This month Wyoming, Ohio, held its annual disaster exercise, which brings together key personnel from all city departments. Most of the department heads were fresh from NIMS training, so there was more enthusiasm. This was especially true of the directors of the public works and building departments, who recently completed NIMS 300 and 400.
The exercise scenarios have varied over the years, but usually centered on incidents that potentially could befall the community. In the past these have ranged from a train derailment with evacuation of the downtown business district to a snow and ice emergency that slows activity to a snail’s pace.
This year, the Wyoming City School District joined the combined exercise. The scenario was relatively simple: a tornado struck during school hours, cutting a square mile swath through a residential area and damaging an elementary school and nearby high school. Some students at the elementary school were reported to be injured by flying glass, and the normal routes to the school were blocked by downed trees and power lines.
The exercise covered the initial response of fire, EMS, police and public works: incident command, damage assessment, public information, resident relocation and community recovery. The school district had to deal with anxious parents, decide to maintain students beyond dismissal to ensure they remained in a relatively safe environment, and close a school and relocate the affected students.
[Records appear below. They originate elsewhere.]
lemma map_upt_add_shift: "map G [n..<n + k] = map (\<lambda>x. G (x + n)) [0..<k]"
  by (induction k) (auto simp: add.commute)

lemma ety_match_Pair:
  assumes "ety Gu (Pair u1 u2) (Prod A1 A2) bu eu mu fu" and "ety Gt t \<sigma> bt et mt ft"
    and "ptyp (crestr Gt (nv p1)) p1 A1 e1 m1 f1"
    and "ptyp (map Gt [nv p1..<nv p1 + nv p2]) p2 A2 e2 m2 f2"
  shows "ety (cplus (cdrop Gt (nv p1 + nv p2)) Gu) (Sub (Sub t p1 (lift (nv p2) 0 u1)) p2 u2) \<sigma>
     (bt + bu) (et + eu + e1 + e2) (mt + mu + m1 + m2) (ft + fu + f1 + f2)"
  using assms(1)
proof (cases rule: ety_PairE)
  case (pair D1 D2 A B b1 e1' m1' f1' b2 e2' m2' f2')
  have inner: "ety (cplus (cdrop Gt (nv p1)) (cins (nv p2) 0 D1)) (Sub t p1 (lift (nv p2) 0 u1)) \<sigma>
      (bt + b1) (et + e1' + e1) (mt + m1' + m1) (ft + f1' + f1)"
    by (rule match'[OF assms(2,3) ety_lift(2)]) (use pair in simp_all)
  have "crestr (cplus (cdrop Gt (nv p1)) (cins (nv p2) 0 D1)) (nv p2) =
      map Gt [nv p1..<nv p1 + nv p2]"
    by (auto simp: crestr_def cplus_def cdrop_def cins_def map_upt_add_shift)
  with assms(4) pair
  have "ety (cplus (cdrop (cplus (cdrop Gt (nv p1)) (cins (nv p2) 0 D1)) (nv p2)) D2)
      (Sub (Sub t p1 (lift (nv p2) 0 u1)) p2 u2) \<sigma> (bt + b1 + b2) (et + e1' + e1 + e2' + e2)
      (mt + m1' + m1 + m2' + m2) (ft + f1' + f1 + f2' + f2)"
    by (intro match'[OF inner]) simp_all
  moreover have "cplus (cdrop (cplus (cdrop Gt (nv p1)) (cins (nv p2) 0 D1)) (nv p2)) D2 =
      cplus (cdrop Gt (nv p1 + nv p2)) Gu"
    using pair by (auto simp: fun_eq_iff cplus_def cdrop_def cins_def add_ac)
  ultimately show ?thesis using pair by (simp add: add_ac)
next
  case pair_p
  then show ?thesis by simp
qed
definition totally_bounded_group_topology :: "('a, 'b) monoid_scheme \<Rightarrow> 'a topology \<Rightarrow> bool" where
  "totally_bounded_group_topology G T \<longleftrightarrow> group_topology G T \<and>
     (\<forall>U. openin T U \<and> \<one>\<^bsub>G\<^esub> \<in> U \<longrightarrow>
        (\<exists>F. finite F \<and> F \<subseteq> carrier G \<and> carrier G = (\<Union>f\<in>F. (\<lambda>u. f \<otimes>\<^bsub>G\<^esub> u) ` U)))"

definition nhd_of_identity :: "('a, 'b) monoid_scheme \<Rightarrow> 'a topology \<Rightarrow> 'a set \<Rightarrow> bool" where
  "nhd_of_identity G T A \<longleftrightarrow> (\<exists>U. openin T U \<and> \<one>\<^bsub>G\<^esub> \<in> U \<and> U \<subseteq> A)"

definition BoolZ :: "int set monoid" where
  "BoolZ = \<lparr>carrier = {S. finite S}, mult = (\<lambda>S T. (S - T) \<union> (T - S)), one = {}\<rparr>"

definition cubeA :: "int set set" where
  "cubeA = carrier BoolZ - {{x, y} | x y. x - y \<noteq> 0 \<and> (\<exists>z::int. x - y = z ^ 3)}"

end

theory Submission
  imports Defs
begin

text \<open>
  Write \<open>\<Delta>\<close> for the group operation. Odd powers act trivially, so every permuted product of
  distinct \<open>x\<^sub>1, \<dots>, x\<^sub>k\<close> equals \<open>x\<^sub>1 \<Delta> \<dots> \<Delta> x\<^sub>k\<close>. For (i) it suffices to find, in any infinite family of
  finite sets and for any finite \<open>T\<close>, members \<open>y \<noteq> z\<close> with \<open>T \<Delta> y \<Delta> z\<close> not a cube pair. If
  \<open>T \<noteq> {}\<close>, take \<open>y, z\<close> with the same trace on \<open>T\<close> and \<open>|y \<Delta> z| \<ge> 2\<close>, so that \<open>|T \<Delta> y \<Delta> z| \<ge> 3\<close>.
  If \<open>T = {}\<close> and every \<open>y \<Delta> z\<close> were a cube pair, translating by one member would give infinitely
  many cube pairs through a common point, whose union is an infinite set of integers with
  pairwise cube differences; but such a set is bounded, because \<open>x\<^sup>3 = x\<^sub>1\<^sup>3 + y\<^sup>3\<close> with
  \<open>x\<^sub>1, y > 0\<close> forces \<open>x \<le> x\<^sub>1\<^sup>3\<close>.

  For (ii), if \<open>G = F B\<close> with \<open>F\<close> finite, colour \<open>n \<in> \<int>\<close> by some \<open>f \<in> F\<close> with \<open>{n} \<in> f B\<close>. The
  polynomial van der Waerden theorem for \<open>n\<^sup>3\<close>, proved by PET induction over families of
  polynomials of degree at most 3, gives \<open>a\<close> and \<open>n > 0\<close> such that \<open>a\<close> and \<open>a + n\<^sup>3\<close> have the same
  colour; then \<open>B B\<^sup>-\<^sup>1\<close> contains the cube pair \<open>{a, a + n\<^sup>3}\<close>. For (iii), an identity neighbourhood
  inside \<open>A\<close> contains \<open>V V\<close> for an open \<open>V \<ni> {}\<close>, and \<open>V\<close> is large by total boundedness,
  contradicting (ii).
\<close>

section \<open>Polynomial van der Waerden theorem for cubic polynomials\<close>

type_synonym cubic = "int \<times> int \<times> int"

definition cubic_eval :: "cubic \<Rightarrow> int \<Rightarrow> int" where
  "cubic_eval p n = fst p * n + fst (snd p) * n ^ 2 + snd (snd p) * n ^ 3"

definition cubic_degree :: "cubic \<Rightarrow> nat" where
  "cubic_degree p =
     (if snd (snd p) \<noteq> 0 then 3 else if fst (snd p) \<noteq> 0 then 2 else if fst p \<noteq> 0 then 1 else 0)"

definition cubic_lead :: "cubic \<Rightarrow> int" where
  "cubic_lead p =
     (if snd (snd p) \<noteq> 0 then snd (snd p) else if fst (snd p) \<noteq> 0 then fst (snd p) else fst p)"

text \<open>The polynomial \<open>n \<mapsto> p (n + m) - p m\<close>.\<close>

definition cubic_shift :: "int \<Rightarrow> cubic \<Rightarrow> cubic" where
  "cubic_shift m p =
     (fst p + 2 * fst (snd p) * m + 3 * snd (snd p) * m ^ 2, fst (snd p) + 3 * snd (snd p) * m,
      snd (snd p))"

definition cubic_bound :: "cubic \<Rightarrow> int \<Rightarrow> int" where
  "cubic_bound p N = \<bar>fst p\<bar> * N + \<bar>fst (snd p)\<bar> * N ^ 2 + \<bar>snd (snd p)\<bar> * N ^ 3"

lemma cubic_eval_zero [simp]: "cubic_eval 0 n = 0" "cubic_eval p 0 = 0"
  by (simp_all add: cubic_eval_def)

lemma cubic_eval_diff [simp]: "cubic_eval (p - q) n = cubic_eval p n - cubic_eval q n"
  by (simp add: cubic_eval_def algebra_simps)

lemma cubic_eval_shift: "cubic_eval (cubic_shift m p) n = cubic_eval p (n + m) - cubic_eval p m"
  by (simp add: cubic_eval_def cubic_shift_def power2_eq_square power3_eq_cube algebra_simps)

lemma cubic_degree_shift [simp]: "cubic_degree (cubic_shift m p) = cubic_degree p"
  and cubic_lead_shift [simp]: "cubic_lead (cubic_shift m p) = cubic_lead p"
  by (auto simp: cubic_degree_def cubic_lead_def cubic_shift_def)

lemma cubic_degree_diff_less:
  assumes "cubic_degree q < cubic_degree p"
  shows "cubic_degree (p - q) = cubic_degree p \<and> cubic_lead (p - q) = cubic_lead p"
  using assms by (cases p; cases q) (simp add: cubic_degree_def cubic_lead_def split: if_split_asm)

lemma cubic_degree_diff_eq:
  assumes "cubic_degree q = cubic_degree p" and "q \<noteq> 0"
  shows "cubic_degree (p - q) \<le> cubic_degree p"
    and "cubic_degree (p - q) = cubic_degree p \<Longrightarrow>
           cubic_lead p \<noteq> cubic_lead q \<and> cubic_lead (p - q) = cubic_lead p - cubic_lead q"
  using assms by (cases p; cases q; simp add: cubic_degree_def cubic_lead_def zero_prod_def split: if_split_asm)+

lemma abs_cubic_eval_le:
  assumes "\<bar>n\<bar> \<le> N"
  shows "\<bar>cubic_eval p n\<bar> \<le> cubic_bound p N"
proof -
  have "\<bar>n\<bar> ^ j \<le> N ^ j" for j using assms by (intro power_mono) auto
  then have "\<bar>u * n ^ j\<bar> \<le> \<bar>u\<bar> * N ^ j" for u :: int and j
    by (simp add: abs_mult mult_left_mono power_abs)
  from this[of _ 1] this[of _ 2] this[of _ 3] show ?thesis
    unfolding cubic_eval_def cubic_bound_def by (smt (verit) power_one_right)
qed

lemma cubic_bound_nonneg: "0 \<le> N \<Longrightarrow> 0 \<le> cubic_bound p N"
  by (simp add: cubic_bound_def)

text \<open>
  The PET step replaces \<open>P\<close> by the polynomials \<open>p (\<cdot> + m) - p m - p\<^sub>1\<close> with \<open>p\<^sub>1 \<in> P\<close> of least degree.
  This removes the leading coefficient of \<open>p\<^sub>1\<close> in its degree and creates no new leading
  coefficients in higher degrees, so the weight below decreases lexicographically.
\<close>

definition lead_coeffs :: "cubic set \<Rightarrow> nat \<Rightarrow> int set" where
  "lead_coeffs P e = cubic_lead ` {p \<in> P. cubic_degree p = e}"

definition pet_weight :: "cubic set \<Rightarrow> nat \<times> nat \<times> nat" where
  "pet_weight P = (card (lead_coeffs P 3), card (lead_coeffs P 2), card (lead_coeffs P 1))"

definition pet_order :: "(cubic set \<times> cubic set) set" where
  "pet_order = inv_image (less_than <*lex*> less_than <*lex*> less_than) pet_weight"

lemma wf_pet_order: "wf pet_order"
  unfolding pet_order_def by (intro wf_inv_image wf_lex_prod wf_less_than)

lemma lead_coeffs_PET_step_above:
  assumes min: "\<forall>p\<in>P. cubic_degree p1 \<le> cubic_degree p" and p1: "p1 \<noteq> 0"
    and Q: "\<forall>q\<in>Q. \<exists>p\<in>P. \<exists>m. q = cubic_shift m p - p1"
    and e: "cubic_degree p1 < e"
  shows "lead_coeffs Q e \<subseteq> lead_coeffs P e"
proof
  fix l assume "l \<in> lead_coeffs Q e"
  then obtain q where "q \<in> Q" "cubic_degree q = e" "l = cubic_lead q"
    unfolding lead_coeffs_def by blast
  then obtain p m where p: "p \<in> P" and q: "cubic_degree (cubic_shift m p - p1) = e"
    and l: "l = cubic_lead (cubic_shift m p - p1)"
    using Q by force
  have "cubic_degree p1 \<le> cubic_degree (cubic_shift m p)" using min p by simp
  moreover have "cubic_degree p1 \<noteq> cubic_degree (cubic_shift m p)"
    using cubic_degree_diff_eq(1)[OF _ p1, of "cubic_shift m p"] q e by force
  ultimately have "cubic_degree p1 < cubic_degree (cubic_shift m p)" by simp
  with cubic_degree_diff_less[OF this] p q l show "l \<in> lead_coeffs P e"
    unfolding lead_coeffs_def by auto
qed

lemma lead_coeffs_PET_step_at:
  assumes min: "\<forall>p\<in>P. cubic_degree p1 \<le> cubic_degree p" and p1: "p1 \<noteq> 0"
    and Q: "\<forall>q\<in>Q. \<exists>p\<in>P. \<exists>m. q = cubic_shift m p - p1"
  shows "lead_coeffs Q (cubic_degree p1) \<subseteq>
           (\<lambda>l. l - cubic_lead p1) ` (lead_coeffs P (cubic_degree p1) - {cubic_lead p1})"
proof
  fix l assume "l \<in> lead_coeffs Q (cubic_degree p1)"
  then obtain q where "q \<in> Q" "cubic_degree q = cubic_degree p1" "l = cubic_lead q"
    unfolding lead_coeffs_def by blast
  then obtain p m where p: "p \<in> P" and q: "cubic_degree (cubic_shift m p - p1) = cubic_degree p1"
    and l: "l = cubic_lead (cubic_shift m p - p1)"
    using Q by force
  have deg: "cubic_degree p1 = cubic_degree p"
    using min p q cubic_degree_diff_less[of p1 "cubic_shift m p"] by force
  with cubic_degree_diff_eq(2)[of p1 "cubic_shift m p"] p1 q l
  have "cubic_lead p \<noteq> cubic_lead p1" "l = cubic_lead p - cubic_lead p1" by auto
  with p deg show "l \<in> (\<lambda>l. l - cubic_lead p1) ` (lead_coeffs P (cubic_degree p1) - {cubic_lead p1})"
    unfolding lead_coeffs_def by auto
qed

lemma pet_weight_decreases:
  assumes "finite P" "p1 \<in> P" "p1 \<noteq> 0" and min: "\<forall>p\<in>P. cubic_degree p1 \<le> cubic_degree p"
    and Q: "\<forall>q\<in>Q. \<exists>p\<in>P. \<exists>m. q = cubic_shift m p - p1"
  shows "(Q, P) \<in> pet_order"
proof -
  define d where "d = cubic_degree p1"
  have d: "1 \<le> d" "d \<le> 3"
    using \<open>p1 \<noteq> 0\<close> unfolding d_def cubic_degree_def zero_prod_def
    by (auto simp: prod_eq_iff split: if_splits)
  have fin: "finite (lead_coeffs P e)" for e
    using \<open>finite P\<close> unfolding lead_coeffs_def by simp
  have "card (lead_coeffs Q d) \<le> card (lead_coeffs P d - {cubic_lead p1})"
    using lead_coeffs_PET_step_at[OF min \<open>p1 \<noteq> 0\<close> Q] fin
    by (metis card_image_le card_mono d_def finite_Diff finite_imageI order_trans)
  also have "\<dots> < card (lead_coeffs P d)"
    using \<open>p1 \<in> P\<close> fin by (intro card_Diff1_less) (auto simp: lead_coeffs_def d_def)
  finally have less: "card (lead_coeffs Q d) < card (lead_coeffs P d)" .
  have le: "card (lead_coeffs Q e) \<le> card (lead_coeffs P e)" if "d < e" for e
    using lead_coeffs_PET_step_above[OF min \<open>p1 \<noteq> 0\<close> Q] that fin unfolding d_def
    by (intro card_mono) auto
  consider "d = 1" | "d = 2" | "d = 3" using d by linarith
  then show ?thesis
    using less le[of 2] le[of 3] unfolding pet_order_def pet_weight_def
    by cases (auto simp: order.order_iff_strict)
qed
The city dealt with the assessment of damage and habitability by the building department and the coordination of state and federal resources in the recovery process. The damage and debris field was mapped out at the EOC as crews simulated the assessments of the destruction with 20 homes with severe damaged, 120 homes and one elementary school with moderate damage, and 70 homes and the high school with minor to moderate damage.
The exercise simulated the plan of several 12-hour operational periods, the need for administrative records and financial tracking, and the transition of command from the response to the extended recovery period. While several weak areas, including communications, clearly needed improvement, the exercise successfully enabled the city to review its current disaster plan and coordinate its future responses with the school district.
One of the lasting benefits to the exercise was that the city and the school district were able to network key people who would be a part of any actual incident. By providing an opportunity to think, plan and learn from one another, planners can begin to overcome major barriers in any future emergency operation. Plans already are underway for next year’s disaster exercise to include more area partners.
When was the last time your disaster plan was dusted off and exercised? With the need for NIMS compliance within the next year, has NIMS training taken priority over any actual disaster exercise?